What the task requires
Each line of the data holding "only" should be found and copied.
** Opening Provided information block **
definition vertex :: "nat \<Rightarrow> real^2" where
  "vertex k = [vector [0, 42], vector [-42, 14], vector [-28, -28], vector [28, -28], vector [42, 14]] ! (k mod 5)"

definition pentagram_tip :: "nat \<Rightarrow> real^2" where
  "pentagram_tip k = [vector [-66, 86], vector [-105, -28], vector [0, -112], vector [105, -28], vector [66, 86]] ! (k mod 5)"

definition pentagon_family :: "nat \<Rightarrow> (real^2) set" where
  "pentagon_family k = (if k = 5 then pentagon else beyond_edge k)"

lemma mem_frame_vector [simp]: "vector [a, b] \<in> frame \<longleftrightarrow> \<bar>a\<bar> \<le> 150 \<and> \<bar>b\<bar> \<le> 150"
  by (auto simp: frame_def mem_box_cart forall_2)

lemma mem_pentagon:
  "p \<in> pentagon \<longleftrightarrow> p \<in> frame \<and> (\<forall>k<5. edge_normal k \<bullet> p \<le> edge_offset k)"
  by (auto simp: pentagon_def)

lemma edge_normal_mod [simp]: "edge_normal (k mod 5) = edge_normal k"
  and edge_offset_mod [simp]: "edge_offset (k mod 5) = edge_offset k"
  by (simp_all add: edge_normal_def edge_offset_def)

lemma edge_normal_mod_add: "edge_normal (k mod 5 + j) = edge_normal (k + j)"
  by (metis edge_normal_mod mod_add_left_eq)

lemma beyond_edge_mod [simp]: "beyond_edge (k mod 5) = beyond_edge k"
  by (simp add: beyond_edge_def)

lemma beyond_edge_mod_add: "beyond_edge (k mod 5 + j) = beyond_edge (k + j)"
  by (metis beyond_edge_mod mod_add_left_eq)

lemma vertex_mod: "vertex (k mod 5) = vertex k"
  by (simp add: vertex_def)

lemma pentagram_tip_mod: "pentagram_tip (k mod 5) = pentagram_tip k"
  by (simp add: pentagram_tip_def)

lemma pentagon_subset_below_edge: "pentagon \<subseteq> {p. edge_normal k \<bullet> p \<le> edge_offset k}"
  using edge_normal_mod[of k] edge_offset_mod[of k]
  unfolding mem_pentagon subset_iff mem_Collect_eq by (metis mod_less_divisor zero_less_numeral)

lemma edge_normals_clockwise:
  "edge_normal (k + 2) $ 1 * edge_normal k $ 2 - edge_normal (k + 2) $ 2 * edge_normal k $ 1 < 0"
proof -
  have "edge_normal (k mod 5 + 2) $ 1 * edge_normal (k mod 5) $ 2
      - edge_normal (k mod 5 + 2) $ 2 * edge_normal (k mod 5) $ 1 < 0"
    by (rule less_5_cases[of "k mod 5"]) (simp_all add: edge_normal_def)
  then show ?thesis
    by (simp only: edge_normal_mod edge_normal_mod_add)
qed

lemma vertex_in_pentagon: "vertex k \<in> pentagon"
  by (rule less_5_cases[of "k mod 5"])
     (simp_all add: vertex_def mem_pentagon all_less_5 edge_normal_def edge_offset_def)

lemma vertex_in_beyond_edge_iff:
  assumes "j < 5" "k < 5"
  shows "vertex k \<in> beyond_edge j \<longleftrightarrow> j = k \<or> j = Suc k mod 5"
  by (cases rule: less_5_cases[OF assms(1)]; cases rule: less_5_cases[OF assms(2)])
     (simp_all add: vertex_def beyond_edge_def edge_normal_def edge_offset_def)

lemma vertex_in_beyond_edges: "vertex k \<in> beyond_edge k \<inter> beyond_edge (k + 1)"
  using vertex_in_beyond_edge_iff[of "k mod 5" "k mod 5"] vertex_in_beyond_edge_iff[of "Suc k mod 5" "k mod 5"]
  by (simp add: vertex_mod mod_Suc_eq)

lemma pentagram_tip_in_beyond_edges:
  "pentagram_tip k \<in> beyond_edge k \<inter> beyond_edge (k + 1) \<inter> beyond_edge (k + 2)"
proof -
  have "pentagram_tip (k mod 5) \<in> beyond_edge (k mod 5) \<inter> beyond_edge (k mod 5 + 1) \<inter> beyond_edge (k mod 5 + 2)"
    by (rule less_5_cases[of "k mod 5"])
       (simp_all add: pentagram_tip_def beyond_edge_def edge_normal_def edge_offset_def)
  then show ?thesis
    by (simp only: beyond_edge_mod beyond_edge_mod_add pentagram_tip_mod)
qed

lemma pentagon_beyond_two_edges_disjoint:
  "beyond_edge k \<inter> beyond_edge (k + 2) \<inter> pentagon = {}"
proof -
  \<comment> \<open>The two outer half-planes meet only beyond the line of the edge k + 1 between them.\<close>
  have False if "edge_offset j \<le> edge_normal j \<bullet> p" "edge_offset (j + 2) \<le> edge_normal (j + 2) \<bullet> p"
    "edge_normal (j + 1) \<bullet> p \<le> edge_offset (j + 1)" "j < 5" for j p
    using that by (cases rule: less_5_cases[OF \<open>j < 5\<close>]) (simp_all add: edge_normal_def edge_offset_def)
  then have "beyond_edge (k mod 5) \<inter> beyond_edge (k mod 5 + 2) \<inter> pentagon = {}"
    unfolding beyond_edge_def using pentagon_subset_below_edge by fastforce
  then show ?thesis
    by (simp only: beyond_edge_mod beyond_edge_mod_add)
qed

lemma orient_beyond_edges_pentagon: "orient_sets (beyond_edge k) (beyond_edge (k + 2)) pentagon = 1"
proof (rule orient_sets_beyond_two_lines[OF beyond_edge_def beyond_edge_def])
  show "pentagon \<subseteq> frame \<inter> {p. edge_normal (k + 2) \<bullet> p \<le> edge_offset (k + 2)}
      \<inter> {p. edge_normal k \<bullet> p \<le> edge_offset k}"
    using pentagon_subset_below_edge unfolding pentagon_def by blast
  show "edge_normal (k + 2) $ 1 * edge_normal k $ 2 - edge_normal (k + 2) $ 2 * edge_normal k $ 1 < 0"
    by (rule edge_normals_clockwise)
  show "beyond_edge k \<inter> beyond_edge (k + 2) \<inter> pentagon = {}"
    by (rule pentagon_beyond_two_edges_disjoint)
  show "beyond_edge (k + 2) \<inter> pentagon \<noteq> {}" "beyond_edge k \<inter> pentagon \<noteq> {}"
    using vertex_in_beyond_edges vertex_in_pentagon by blast+
  show "beyond_edge k \<inter> beyond_edge (k + 2) \<noteq> {}"
    using pentagram_tip_in_beyond_edges by blast
qed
** Closing Provided information block **
Completed exercise
    by (simp only: edge_normal_mod edge_normal_mod_add)
    by (simp only: beyond_edge_mod beyond_edge_mod_add pentagram_tip_mod)
  \<comment> \<open>The two outer half-planes meet only beyond the line of the edge k + 1 between them.\<close>
    by (simp only: beyond_edge_mod beyond_edge_mod_add)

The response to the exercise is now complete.